Provided records section start

lemma sorting_statistics_Phi:
  assumes r: "1 \<le> r" and n: "1 \<le> n" and pG: "p \<in> G r n"
  shows "sorting_statistics r n (Phi r n p) = length_statistics r n p"
proof -
  define q where "q = Phi r n p"
  have qG: "q \<in> G r n" unfolding q_def using Phi_in_G[OF r pG] .
  have Lmal: "Lmal n p = neg_colours r (Lmal n q)" and Lmap: "Lmap n p = neg_colours r (Lmap n q)"
    unfolding Lmal_eq_image Lmap_eq_image lr_maxima_Phi[OF r pG, folded q_def] image_neg_colours
    by simp_all
  have "\<forall>x\<in>Lmal n q. snd x < r" "\<forall>x\<in>Lmap n q. snd x < r" "\<forall>x\<in>Cyc r n q. snd x < r"
    using G_memD(2)[OF qG] r by (auto simp: Lmal_def Lmap_def Cyc_def)
  note colours = this Lmic_colours_less[OF qG r n]
  have "sor r n q = clength r n p"
    using clength_eq_invlen[OF r pG] invlen_Phi[OF r pG] by (simp add: q_def)
  moreover note map_colsec_neg_colours[OF colours(3), folded Rmil_Phi[OF r pG, folded q_def]]
    map_colsec_neg_colours[OF colours(4), folded Lmil_Phi[OF r pG n, folded q_def]]
    map_colsec_neg_colours[OF colours(1), folded Lmal]
    map_colsec_neg_colours[OF colours(2), folded Lmap]
  ultimately show ?thesis unfolding sorting_statistics_def length_statistics_def q_def by (simp only:)
qed

lemma card_fibres_bij_betw:
  assumes f: "bij_betw f A B" and gh: "\<And>x. x \<in> A \<Longrightarrow> g (f x) = h x"
  shows "card {x \<in> A. h x = v} = card {y \<in> B. g y = v}"
proof -
  have "{y \<in> B. g y = v} = f ` {x \<in> A. h x = v}"
    using gh bij_betw_imp_surj_on[OF f] by auto
  moreover have "inj_on f {x \<in> A. h x = v}"
    using bij_betw_imp_inj_on[OF f] by (rule inj_on_subset) auto
  ultimately show ?thesis by (simp add: card_image)
qed

theorem corollary4p2:
  fixes r n :: nat
  assumes "1 \<le> r" and "1 \<le> n"
  shows "\<forall>v. card {p \<in> G r n.
              (clength r n p,
               map (\<lambda>t. colsec (Rmil n p) t) [0..<r],
               map (\<lambda>t. colsec (Lmil n p) t) [0..<r],
               map (\<lambda>t. colsec (Lmal n p) t) [0..<r],
               map (\<lambda>t. colsec (Lmap n p) t) [0..<r]) = v}
          = card {p \<in> G r n.
              (sor r n p,
               map (\<lambda>t. colsec (Cyc r n p) ((r - t) mod r)) [0..<r],
               map (\<lambda>t. colsec (Lmic r p) ((r - t) mod r)) [0..<r],
               map (\<lambda>t. colsec (Lmal n p) ((r - t) mod r)) [0..<r],
               map (\<lambda>t. colsec (Lmap n p) ((r - t) mod r)) [0..<r]) = v}"
  unfolding length_statistics_def[symmetric] sorting_statistics_def[symmetric]
  by (intro allI card_fibres_bij_betw[OF bij_betw_Phi[OF assms(1)]] sorting_statistics_Phi[OF assms])

end
(* Let $\Gamma$ be a group with finite symmetric generating set $S$ acting on a countably infinite set $X$, let $\mu$ be a $\Gamma$-invariant mean on $X$, and let $R$ be a subgraph of the Schreier graph $S_\Gamma$ all of whose connected components have at most $C$ vertices. Suppose that in every component of $R$ the number of edges divided by the number of vertices is at least $\alpha$. Then $\alpha\,\mu(V(R))\le\mu_E(R)$.
   Context: A mean on $X$ is a finitely additive $\mu:2^X\to[0,1]$ with $\mu(X)=1$; $\Gamma$-invariant means $\mu(\gamma A)=\mu(A)$ for all $\gamma,A$. The Schreier graph $S_\Gamma$ has vertex set $X$ and an edge $\{x,y\}$ when $x\neq y$ and $s(x)=y$ for some $s\in S$. For a subgraph $R$, $\deg_R(x)$ is the degree of $x$ in $R$ ($0$ for $x\notin V(R)$) and $\mu_E(R)=\frac12\sum_{k\ge0}k\,\mu(\{x:\deg_R(x)=k\})$. *)

theory Defs
  imports Complex_Main "HOL-Algebra.Group_Action" "HOL-Algebra.Generated_Groups" "HOL-Library.Countable_Set"
begin

definition is_mean :: "'x set \<Rightarrow> ('x set \<Rightarrow> real) \<Rightarrow> bool" where
  "is_mean X \<mu> \<longleftrightarrow>
     (\<forall>A. A \<subseteq> X \<longrightarrow> 0 \<le> \<mu> A \<and> \<mu> A \<le> 1) \<and> \<mu> X = 1 \<and>
     (\<forall>A B. A \<subseteq> X \<longrightarrow> B \<subseteq> X \<longrightarrow> A \<inter> B = {} \<longrightarrow> \<mu> (A \<union> B) = \<mu> A + \<mu> B)"

definition invariant_mean ::
  "('g, 'b) monoid_scheme \<Rightarrow> ('g \<Rightarrow> 'x \<Rightarrow> 'x) \<Rightarrow> 'x set \<Rightarrow> ('x set \<Rightarrow> real) \<Rightarrow> bool" where
  "invariant_mean G \<phi> X \<mu> \<longleftrightarrow> is_mean X \<mu> \<and>
     (\<forall>g \<in> carrier G. \<forall>A. A \<subseteq> X \<longrightarrow> \<mu> (\<phi> g ` A) = \<mu> A)"

definition schreier_edges :: "('g \<Rightarrow> 'x \<Rightarrow> 'x) \<Rightarrow> 'g set \<Rightarrow> 'x set \<Rightarrow> 'x set set" where
  "schreier_edges \<phi> S X = {{x, y} | x y. x \<in> X \<and> y \<in> X \<and> x \<noteq> y \<and> (\<exists>s \<in> S. \<phi> s x = y)}"

definition is_subgraph :: "('g \<Rightarrow> 'x \<Rightarrow> 'x) \<Rightarrow> 'g set \<Rightarrow> 'x set \<Rightarrow> 'x set \<Rightarrow> 'x set set \<Rightarrow> bool" where
  "is_subgraph \<phi> S X V E \<longleftrightarrow> V \<subseteq> X \<and> E \<subseteq> schreier_edges \<phi> S X \<and> (\<forall>e \<in> E. e \<subseteq> V)"

definition adj :: "'x set set \<Rightarrow> ('x \<times> 'x) set" where
  "adj E = {(x, y). {x, y} \<in> E}"

definition component :: "'x set set \<Rightarrow> 'x \<Rightarrow> 'x set" where
  "component E x = {y. (x, y) \<in> (adj E)\<^sup>*}"

definition component_edges :: "'x set set \<Rightarrow> 'x \<Rightarrow> 'x set set" where
  "component_edges E x = {e \<in> E. e \<subseteq> component E x}"

text \<open>Degree in R; 0 for vertices not in V(R) (they lie on no edge).\<close>
definition deg :: "'x set set \<Rightarrow> 'x \<Rightarrow> nat" where
  "deg E x = card {e \<in> E. x \<in> e}"

definition mu_E :: "'x set \<Rightarrow> ('x set \<Rightarrow> real) \<Rightarrow> 'x set set \<Rightarrow> real" where
  "mu_E X \<mu> E = (1/2) * (\<Sum>k. real k * \<mu> {x \<in> X. deg E x = k})"

end

theory Submission imports Defs begin

(*
  In every component K we have, by the
  handshake lemma, sum over y in K of (deg y / 2 - alpha) = |E(K)| - alpha |K| >= 0.  The
  theorem is the "integrated" version of this inequality against the invariant mean mu.

  To integrate, choose a leader in every component.  Each vertex y is reached from its leader
  by a group element a(y) that is a word of length at most C*C in S; these words form a finite
  set F.  Cut V into the finitely many pieces P(k,g) = {y. deg y = k, a y = g} and translate
  each piece back by g^-1.  By invariance the translated pieces carry the same mass, and a point
  x lies in the translated pieces exactly for the indices (deg y, a y) of the vertices y of its
  component when x is a leader (and in none otherwise).  Hence the weighted sum of the masses
  equals the integral of a pointwise nonnegative function and is nonnegative.
*)

section \<open>Finitely additive means\<close>

lemma mean_nonneg: "is_mean X \<mu> \<Longrightarrow> A \<subseteq> X \<Longrightarrow> 0 \<le> \<mu> A"
  unfolding is_mean_def by blast

lemma mean_add:
  "is_mean X \<mu> \<Longrightarrow> A \<subseteq> X \<Longrightarrow> B \<subseteq> X \<Longrightarrow> A \<inter> B = {} \<Longrightarrow> \<mu> (A \<union> B) = \<mu> A + \<mu> B"
  unfolding is_mean_def by blast

lemma mean_empty: "is_mean X \<mu> \<Longrightarrow> \<mu> {} = 0"
  using mean_add[of X \<mu> "{}" "{}"] by simp

lemma mean_UN_disjoint:
  assumes m: "is_mean X \<mu>" and fin: "finite I" and sub: "\<forall>i\<in>I. A i \<subseteq> X"
    and dis: "\<forall>i\<in>I. \<forall>j\<in>I. i \<noteq> j \<longrightarrow> A i \<inter> A j = {}"
  shows "\<mu> (\<Union>i\<in>I. A i) = (\<Sum>i\<in>I. \<mu> (A i))"
  using fin sub dis
proof (induction I rule: finite_induct)
  case empty then show ?case using mean_empty[OF m] by simp
next
  case (insert i I)
  have "A i \<inter> (\<Union>j\<in>I. A j) = {}" using insert.prems(2) insert.hyps(2) by auto
  hence "\<mu> (A i \<union> (\<Union>j\<in>I. A j)) = \<mu> (A i) + \<mu> (\<Union>j\<in>I. A j)"
    using mean_add[OF m, of "A i" "\<Union>j\<in>I. A j"] insert.prems(1) by auto
  moreover have "\<mu> (\<Union>j\<in>I. A j) = (\<Sum>j\<in>I. \<mu> (A j))"
    using insert.IH insert.prems by auto
  ultimately show ?case using insert.hyps by simp
qed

Provided records section end

Above are some lines. Repeat exactly, and only, those from the line that has "x lies in the" through the line that has "case (insert i I)".

  x lies in the translated pieces exactly for the indices (deg y, a y) of the vertices y of its
  component when x is a leader (and in none otherwise).  Hence the weighted sum of the masses
  equals the integral of a pointwise nonnegative function and is nonnegative.
*)

section \<open>Finitely additive means\<close>

lemma mean_nonneg: "is_mean X \<mu> \<Longrightarrow> A \<subseteq> X \<Longrightarrow> 0 \<le> \<mu> A"
  unfolding is_mean_def by blast

lemma mean_add:
  "is_mean X \<mu> \<Longrightarrow> A \<subseteq> X \<Longrightarrow> B \<subseteq> X \<Longrightarrow> A \<inter> B = {} \<Longrightarrow> \<mu> (A \<union> B) = \<mu> A + \<mu> B"
  unfolding is_mean_def by blast

lemma mean_empty: "is_mean X \<mu> \<Longrightarrow> \<mu> {} = 0"
  using mean_add[of X \<mu> "{}" "{}"] by simp

lemma mean_UN_disjoint:
  assumes m: "is_mean X \<mu>" and fin: "finite I" and sub: "\<forall>i\<in>I. A i \<subseteq> X"
    and dis: "\<forall>i\<in>I. \<forall>j\<in>I. i \<noteq> j \<longrightarrow> A i \<inter> A j = {}"
  shows "\<mu> (\<Union>i\<in>I. A i) = (\<Sum>i\<in>I. \<mu> (A i))"
  using fin sub dis
proof (induction I rule: finite_induct)
  case empty then show ?case using mean_empty[OF m] by simp
next
  case (insert i I)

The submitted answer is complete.